“Listen to me very fucking carefully, Ana. We are all going through it with Chaos dead, and I have always had respect for you, but I’d be incredibly careful who you are threatening like that!”
“But I—”
“No! Swan is still who she is, and you are not the only one at a fucking loss because of this fucked up situation. She is not the cause of your husband killing his own son. You better hope to God she does not take her crown and kill you for the parts you willingly played in destroying her and your Chaos.”
I bring my face close to hers, biting on my words.
“If I have my way, she will rule beside me, just as Chaos would have wanted because he fucking loved her. Just as much as I do.”
On the way back to the mansion, I rest my head against the car door, allowing my tears to flow freely, knowing what I need to do next, even though it's incredibly difficult. I cannot stay here any longer, I cannot stand being here. My presence isn't strong enough because I'm not strong enough.
I cannot help fix Reign when I cannot even fix myself. Darkness surrounds me. I have fallen into its deepest depths, and I am unable to crawl myself out of it. I need to remove myself from this environment, where every corner reminds me of the heartache that surrounds me, a heartache that I blame myself for.
As soon as we pull up outside, I get out of the car and hurry into the mansion. I glance around, sobbing as I make my way up the stairs. I walk down the corridor, my despair mounting with each step I take before I stop outside of Chaos's bedroom door. I rest my forehead against it, placing my shaky hand on the handle and when I gather my courage, I press down.
I enter the dimly lit room, looking around, his scent engulfing me—a smell that I miss so damn much. Everything remains exactly as he left it, a painful reminder of his absence, yet I want to take something with me that reminds me of him.
I approach his bed, my eyes landing on his favorite hoodie laid out. With a trembling hand, I lift it, holding it close to my chest. I bury my face in the fabric, clinging to it as if it is the last connection I have to him. The weight of my grief becomes unbearable, and I collapse onto his bed, sobbing uncontrollably.
“I am so sorry, Chaos. I tried. I really did, but deep down I know you wouldn’t have wanted this. It is not safe for us here.”
I sit there for what feels like an eternity, allowing my tears to continuously flow, anything to relieve myself of the pain my heart feels. By the time I am finished, his hoodie is drenched in my tears, and I peel it away from my face. A sickly feeling settles in my stomach, reminding me that it is now time to leave, and I stand. Once I am at the doorway, I take one last watery glance around, soaking in every cherished moment we shared together in here as if my life depends on it before I close the door behind me.

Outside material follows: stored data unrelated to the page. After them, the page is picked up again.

definition propagated :: "('n,'a) graph \<Rightarrow> 'n rel \<Rightarrow> bool" where
  "propagated G R \<longleftrightarrow>
     (\<forall>n m n1 n2 m1 m2. (n,m) \<in> R \<and> G n = App n1 n2 \<and> G m = App m1 m2 \<longrightarrow> (n1,m1) \<in> R) \<and>
     (\<forall>n m n1 n2 m1 m2. (n,m) \<in> R \<and> G n = App n1 n2 \<and> G m = App m1 m2 \<longrightarrow> (n2,m2) \<in> R) \<and>
     (\<forall>n m n' m'. (n,m) \<in> R \<and> G n = Abs n' \<and> G m = Abs m' \<longrightarrow> (n',m') \<in> R)"

definition closed_var :: "('n,'a) graph \<Rightarrow> 'n rel \<Rightarrow> bool" where
  "closed_var G R \<longleftrightarrow>
     (\<forall>n m l l'. (n,m) \<in> R \<and> G n = BVar l \<and> G m = BVar l' \<longrightarrow> (l,l') \<in> R)"

definition open_rel :: "('n,'a) graph \<Rightarrow> 'n rel \<Rightarrow> bool" where
  "open_rel G R \<longleftrightarrow>
     (\<forall>n m x y. (n,m) \<in> R \<and> G n = FVar x \<and> G m = FVar y \<longrightarrow> n = m)"

definition blind_bisimulation :: "('n,'a) graph \<Rightarrow> 'n rel \<Rightarrow> bool" where
  "blind_bisimulation G R \<longleftrightarrow> homogeneous G R \<and> propagated G R"

definition bisimulation :: "('n,'a) graph \<Rightarrow> 'n rel \<Rightarrow> bool" where
  "bisimulation G R \<longleftrightarrow> blind_bisimulation G R \<and> closed_var G R"

definition sharing_equivalence :: "('n,'a) graph \<Rightarrow> 'n rel \<Rightarrow> bool" where
  "sharing_equivalence G R \<longleftrightarrow> open_rel G R \<and> bisimulation G R \<and> equiv UNIV R"

text \<open>Spreading R^#: the smallest propagated equivalence relation containing R.\<close>
definition spreading :: "('n,'a) graph \<Rightarrow> 'n rel \<Rightarrow> 'n rel" where
  "spreading G R = \<Inter>{S. R \<subseteq> S \<and> propagated G S \<and> equiv UNIV S}"

definition is_query :: "('n,'a) graph \<Rightarrow> 'n rel \<Rightarrow> bool" where
  "is_query G Q \<longleftrightarrow> (\<forall>(n,m)\<in>Q. is_root G n \<and> is_root G m)"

With a shot of determination flowing through me, I make my way to Reign's bedroom. When I enter, I go toward his wardrobe, grabbing my things and packing a bag. As soon as I am done and ready to get out of here, I throw it over my shoulder, but as I turn around, Reign is standing in the doorway. My gut sinks, hoping I wouldn’t have to face him and just call him when I get to where I was going.

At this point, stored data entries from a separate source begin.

lemma Inf_quadratic_nonpos:
  fixes A B D :: real
  assumes D: "D < 0"
  shows "Inf {t. 0 \<le> t \<and> A + B * t + D * t\<^sup>2 / 2 \<le> 0} = first_zero A B D"
proof (cases "A \<le> 0")
  case True
  then show ?thesis unfolding first_zero_def by (intro cInf_eq_minimum) auto
next
  case False
  note q = quadratic_first_zero[OF D, where A=A and B=B]
  have "Inf {t. 0 \<le> t \<and> A + B * t + D * t\<^sup>2 / 2 \<le> 0} = (B + sqrt (B\<^sup>2 - 2 * A * D)) / (- D)"
  proof (rule cInf_eq_minimum)
    fix x assume "x \<in> {t. 0 \<le> t \<and> A + B * t + D * t\<^sup>2 / 2 \<le> 0}"
    then show "(B + sqrt (B\<^sup>2 - 2 * A * D)) / (- D) \<le> x" using q(3)[of x] False by force
  qed (use q(1,2) False in simp)
  then show ?thesis using False by (simp add: first_zero_def)
qed

lemma first_zero_props:
  fixes A B D :: real
  assumes D: "D < 0" and A: "0 \<le> A"
  shows "0 \<le> first_zero A B D" "A + B * first_zero A B D + D * (first_zero A B D)\<^sup>2 / 2 = 0"
    "\<And>t. 0 \<le> t \<Longrightarrow> t < first_zero A B D \<Longrightarrow> 0 < A + B * t + D * t\<^sup>2 / 2"
proof -
  note q = quadratic_first_zero[OF D, where A=A and B=B]
  show "0 \<le> first_zero A B D" using q(1) by (cases "A \<le> 0") (auto simp: first_zero_def)
  show "A + B * first_zero A B D + D * (first_zero A B D)\<^sup>2 / 2 = 0"
    using q(2) A by (cases "A \<le> 0") (auto simp: first_zero_def)
  fix t assume "0 \<le> t" "t < first_zero A B D"
  then show "0 < A + B * t + D * t\<^sup>2 / 2"
    using q(3)[of t] A by (cases "A \<le> 0") (auto simp: first_zero_def)
qed

lemma coll_time_eq_first_zero:
  assumes pos: "\<forall>c\<in>set cs. 0 < cmass c" and k: "Suc k < length cs"
  shows "coll_time cs k = first_zero (cpos (cs ! Suc k) - cpos (cs ! k))
      (cvel (cs ! Suc k) - cvel (cs ! k)) (accel cs (Suc k) - accel cs k)"
    and "accel cs (Suc k) - accel cs k < 0"
proof -
  have "cs ! k \<in> set cs" "cs ! Suc k \<in> set cs" using k by simp_all
  then show D: "accel cs (Suc k) - accel cs k < 0"
    unfolding accel_Suc_diff[OF k] using pos by (smt (verit))
  show "coll_time cs k = first_zero (cpos (cs ! Suc k) - cpos (cs ! k))
      (cvel (cs ! Suc k) - cvel (cs ! k)) (accel cs (Suc k) - accel cs k)"
    unfolding coll_time_def gap_fun_def by (rule Inf_quadratic_nonpos[OF D])
qed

I avoid eye contact as I head in his direction, hoping he will move out of my way, but he doesn’t, he simply places his huge arm on the frame to stop me. I come to a halt, taking a step back and my eyes meet his.
“Move Reign.”
When he takes a step forward, I am compelled to takeone back.
“You’re leaving me?”
As he comes to a stop, I do as well, lowering my eyes.
“Yes.”
He stands taller, his big chest expanding while inhaling deeply, pressing his hands in his tight black pants.
“On the day of Chaos’s funeral?”
My eyes close, guilt smacking me in the face like an unbearable force and he continues.

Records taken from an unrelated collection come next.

lemma tdist_eq_Least_rtrancl_path:
  assumes "\<Union>E \<subseteq> V" and "x \<in> V"
  shows "tdist V E x y = (LEAST n. \<exists>ys. rtrancl_path (adj E) x ys y \<and> length ys = n)"
proof -
  have "(\<exists>xs. vwalk V E xs \<and> hd xs = x \<and> last xs = y \<and> length xs = Suc n) \<longleftrightarrow>
      (\<exists>ys. rtrancl_path (adj E) x ys y \<and> length ys = n)" for n
  proof
    assume "\<exists>xs. vwalk V E xs \<and> hd xs = x \<and> last xs = y \<and> length xs = Suc n"
    then obtain xs where "vwalk V E xs \<and> hd xs = x \<and> last xs = y" and "length xs = Suc n"
      by blast
    then show "\<exists>ys. rtrancl_path (adj E) x ys y \<and> length ys = n"
      unfolding vwalk_iff_rtrancl_path[OF assms(1)] by auto
  next
    assume "\<exists>ys. rtrancl_path (adj E) x ys y \<and> length ys = n"
    then obtain ys where "rtrancl_path (adj E) x ys y" and "length ys = n"
      by blast
    moreover from this(1) have "vwalk V E (x # ys) \<and> hd (x # ys) = x \<and> last (x # ys) = y"
      using assms(2) vwalk_iff_rtrancl_path[OF assms(1)] by blast
    ultimately show "\<exists>xs. vwalk V E xs \<and> hd xs = x \<and> last xs = y \<and> length xs = Suc n"
      by (metis length_Cons)
  qed
  then show ?thesis by (simp add: tdist_def)
qed

definition far_side :: "'a set \<Rightarrow> 'a set set \<Rightarrow> 'a set \<Rightarrow> 'a \<Rightarrow> 'a set" where
  "far_side V E e v = V - reach V (E - {e}) v"

context
  fixes V :: "'a set" and E :: "'a set set"
  assumes tree: "is_tree V E"
begin

lemma tree_finite: "finite V"
  using tree by (simp add: is_tree_def)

“I lost him and now I have to fucking lose you as well?”
I feel defensiveness spiking within me, and I lift my eyes to his, a glare in them.
“Do not do that bullshit to me. You will be better off without me.”
I go to pass him once again, but he merely steps in my path and I halt.
“Charley you are not fucking leaving, after everything, you still—”
“Yes! Yes, I do still want to leave!”
I scream at him, letting him know exactly how I feel.
“If anything, I want to leave more than ever. I thought I could stay! I thought I could help you, but I can’t! I cannot even help myself, Reign! I fucking hate it here!”